11.2 ALGORITHM OF THE SKELETON

The algorithm has been implemented using object-oriented and message-passing techniques. Figure 11.1 graphically displays the data structure used to represent the tree space. It is a tree of subproblems (sp) where each node has a pointer to its father, the solution of the subproblem (sol), and the auxiliary variable (aux) for the exceptional cases when the subproblems do not have the same structure as the original problem. Additionally, a queue with the nodes pending to be explored is kept (p and n). The search tree is distributed among the processors. Registered in each node is the number of unsolved children and the number of children sent to other processors (remote children). Also, an array of pointers to the solutions of the children nodes (subsols) is kept. When all the children nodes are solved, the solution of the actual node, sol, will be calculated combining the partial solutions stored in subsols. The solution is sent up to the father node in the tree and the partial solutions are disposed of. Since the father of a node can be located in another processor, the rank of the processor owning the father is stored on each node. Implementation of the algorithmic skeleton has been divided into two stages: initialization and resolution.

Figure 11.1 Data structure for the tree space.

11.2.1 Initialization Stage

The data required to tackle resolution of a problem are placed into the processors. Initially, only the master processor (master) has the original problem and proceeds to distribute it to the remaining processors. Next, it creates the node representing the initial subproblem and inserts it into its queue. All the processors perform monitor and work distribution tasks. The state of the set of processors intervening in the resolution is kept by all the processors. At the beginning, all the processors except master are idle. Once this phase is finished, all the processors behave in the same way.

11.2.2 Resolution Stage

The goal of the resolution stage is to find a solution to the original problem. The majority of the skeleton tasks occur during this phase. The main aim of the design of the skeleton has been to achieve a balanced distribution of the workload. Furthermore, such an arrangement is performed in a fully distributed manner using only asynchronous communication and information that is local to each processor, avoiding in this way the use of a central control and synchronization barriers.

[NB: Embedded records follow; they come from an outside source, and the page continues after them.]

(* For every $\varepsilon\in(0,3]$, the Truncated Harmonic rule $f^{TH}_\varepsilon$ has metric distortion at most $3+\varepsilon$, and its utilitarian distortion is $O(\sqrt m\,H_m/\varepsilon)$, i.e., there is an absolute constant $C$ such that for all $n,m$ and all $\varepsilon\in(0,3]$ its utilitarian distortion on instances with $m$ alternatives is at most $C\sqrt m\,H_m/\varepsilon$.
   Context: Setting: $n$ agents $\mathcal N$, $m$ alternatives $\mathcal A$; agent $i$ has a strict ranking, $r_i(Y)$ is the rank of $Y$ (1 = top), $X\succ_iY$ iff $r_i(X)<r_i(Y)$; $\mathrm{plu}(X,\vec\sigma)$ is the number of agents ranking $X$ first; $H_m=\sum_{k=1}^m1/k$. Metric framework: pseudometric $d$ on $\mathcal N\cup\mathcal A$, consistent with $\vec\sigma$ if $X\succ_iY\Rightarrow d(i,X)\le d(i,Y)$; $\mathrm{SC}(X,d)=\sum_id(i,X)$; metric distortion of a randomized rule $f$ is $\sup_{\vec\sigma}\sup_{d}\mathbb E_{X\sim f(\vec\sigma)}[\mathrm{SC}(X,d)]/\min_X\mathrm{SC}(X,d)$. Utilitarian framework: $u_i:\mathcal A\to\mathbb R_{\ge0}$, $\sum_Xu_i(X)=1$, consistent if $X\succ_iY\Rightarrow u_i(X)\ge u_i(Y)$; $\mathrm{SW}(X,\vec u)=\sum_iu_i(X)$; utilitarian distortion of $f$ is $\sup_{\vec\sigma}\sup_{\vec u}\max_X\mathrm{SW}(X,\vec u)/\mathbb E_{X\sim f(\vec\sigma)}[\mathrm{SW}(X,\vec u)]$. Plurality Veto: initialize $\mathrm{score}(X)=\mathrm{plu}(X,\vec\sigma)$; let $S$ be the alternatives with positive score; process agents in a fixed order, each decrementing the score of her lowest-ranked alternative in $S$, removing it from $S$ when its score hits $0$; output the last alternative removed. (It is known to have metric distortion $3$.) Truncated Harmonic rule $f^{TH}_\varepsilon$: let $\hat X$ be the output of Plurality Veto on $\vec\sigma$; pick an agent $i$ uniformly at random; output $Y$ with probability $p(i,Y)=\frac{\varepsilon}{6H_m r_i(Y)}$ if $Y\succ_i\hat X$, $p(i,\hat X)=1-\sum_{Y\succ_i\hat X}p(i,Y)$, and $p(i,Y)=0$ if $\hat X\succ_iY$. *)

theory Defs
  imports "HOL-Analysis.Harmonic_Numbers"
begin

(* Agents are 0..n-1, alternatives are 0..m-1.
   A profile is r :: nat => nat => nat, r i X = rank of X for agent i (1 = top). *)

definition is_profile :: "nat \<Rightarrow> nat \<Rightarrow> (nat \<Rightarrow> nat \<Rightarrow> nat) \<Rightarrow> bool" where
  "is_profile n m r \<longleftrightarrow> (\<forall>i<n. bij_betw (r i) {..<m} {1..m})"

definition plu :: "(nat \<Rightarrow> nat \<Rightarrow> nat) \<Rightarrow> nat \<Rightarrow> nat \<Rightarrow> nat" where
  "plu r n X = card {i. i < n \<and> r i X = 1}"

definition lowest :: "(nat \<Rightarrow> nat \<Rightarrow> nat) \<Rightarrow> nat \<Rightarrow> nat set \<Rightarrow> nat" where
  "lowest r i S = (THE Y. Y \<in> S \<and> (\<forall>Z\<in>S. r i Z \<le> r i Y))"

(* state: (score, S, last alternative removed so far) *)
definition pv_step :: "(nat \<Rightarrow> nat \<Rightarrow> nat) \<Rightarrow> nat \<Rightarrow> (nat \<Rightarrow> nat) \<times> nat set \<times> nat
                        \<Rightarrow> (nat \<Rightarrow> nat) \<times> nat set \<times> nat" where
  "pv_step r i st = (case st of (sc, S, lst) \<Rightarrow>
     (let Y = lowest r i S; sc' = sc(Y := sc Y - 1) in
       if sc' Y = 0 then (sc', S - {Y}, Y) else (sc', S, lst)))"

definition plurality_veto :: "(nat \<Rightarrow> nat \<Rightarrow> nat) \<Rightarrow> nat \<Rightarrow> nat \<Rightarrow> nat" where
  "plurality_veto r n m =
     snd (snd (fold (pv_step r) [0..<n] (plu r n, {X. X < m \<and> 0 < plu r n X}, undefined)))"

definition th_p :: "real \<Rightarrow> nat \<Rightarrow> (nat \<Rightarrow> nat \<Rightarrow> nat) \<Rightarrow> nat \<Rightarrow> nat \<Rightarrow> nat \<Rightarrow> real" where
  "th_p \<epsilon> m r Xh i Y =
     (if r i Y < r i Xh then \<epsilon> / (6 * harm m * real (r i Y))
      else if Y = Xh then
        1 - (\<Sum>Z\<in>{Z. Z < m \<and> r i Z < r i Xh}. \<epsilon> / (6 * harm m * real (r i Z)))
      else 0)"

(* probability that f^TH_eps outputs Y (agent i chosen uniformly at random) *)
definition th_prob :: "real \<Rightarrow> nat \<Rightarrow> nat \<Rightarrow> (nat \<Rightarrow> nat \<Rightarrow> nat) \<Rightarrow> nat \<Rightarrow> real" where
  "th_prob \<epsilon> n m r Y = (\<Sum>i<n. th_p \<epsilon> m r (plurality_veto r n m) i Y) / real n"

(* points: Inl i = agent i, Inr X = alternative X *)
definition pseudometric_on :: "(nat + nat) set \<Rightarrow> ((nat + nat) \<Rightarrow> (nat + nat) \<Rightarrow> real) \<Rightarrow> bool" where
  "pseudometric_on P d \<longleftrightarrow>
     (\<forall>x\<in>P. d x x = 0) \<and> (\<forall>x\<in>P. \<forall>y\<in>P. 0 \<le> d x y \<and> d x y = d y x) \<and>
     (\<forall>x\<in>P. \<forall>y\<in>P. \<forall>z\<in>P. d x z \<le> d x y + d y z)"

definition points :: "nat \<Rightarrow> nat \<Rightarrow> (nat + nat) set" where
  "points n m = Inl ` {..<n} \<union> Inr ` {..<m}"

The control developed is based on a request–answer system. When a processor is idle, it requests work from the remaining processors. This request is answered by the remaining processors either with work or with a message indicating their inability to send work. Since the state of the processors has to be registered locally, each sends its answer not only to the processor requesting work but also to those remaining, informing them of the answer (whether work was or was not sent) and to which processor it was sent. This allows us to keep the state of busy or idle updated for each processor. According to this approach, the algorithm would finish when all the processors are marked idle. However, since request and answer messages may arrive in any arbitrary order, a problem arises: The answers may arrive before the requests or messages referring to different requests may be tangled. Additionally, it may also happen that a message is never received if the processors send a message corresponding to the resolution phase to a processor which has decided that the others are idle.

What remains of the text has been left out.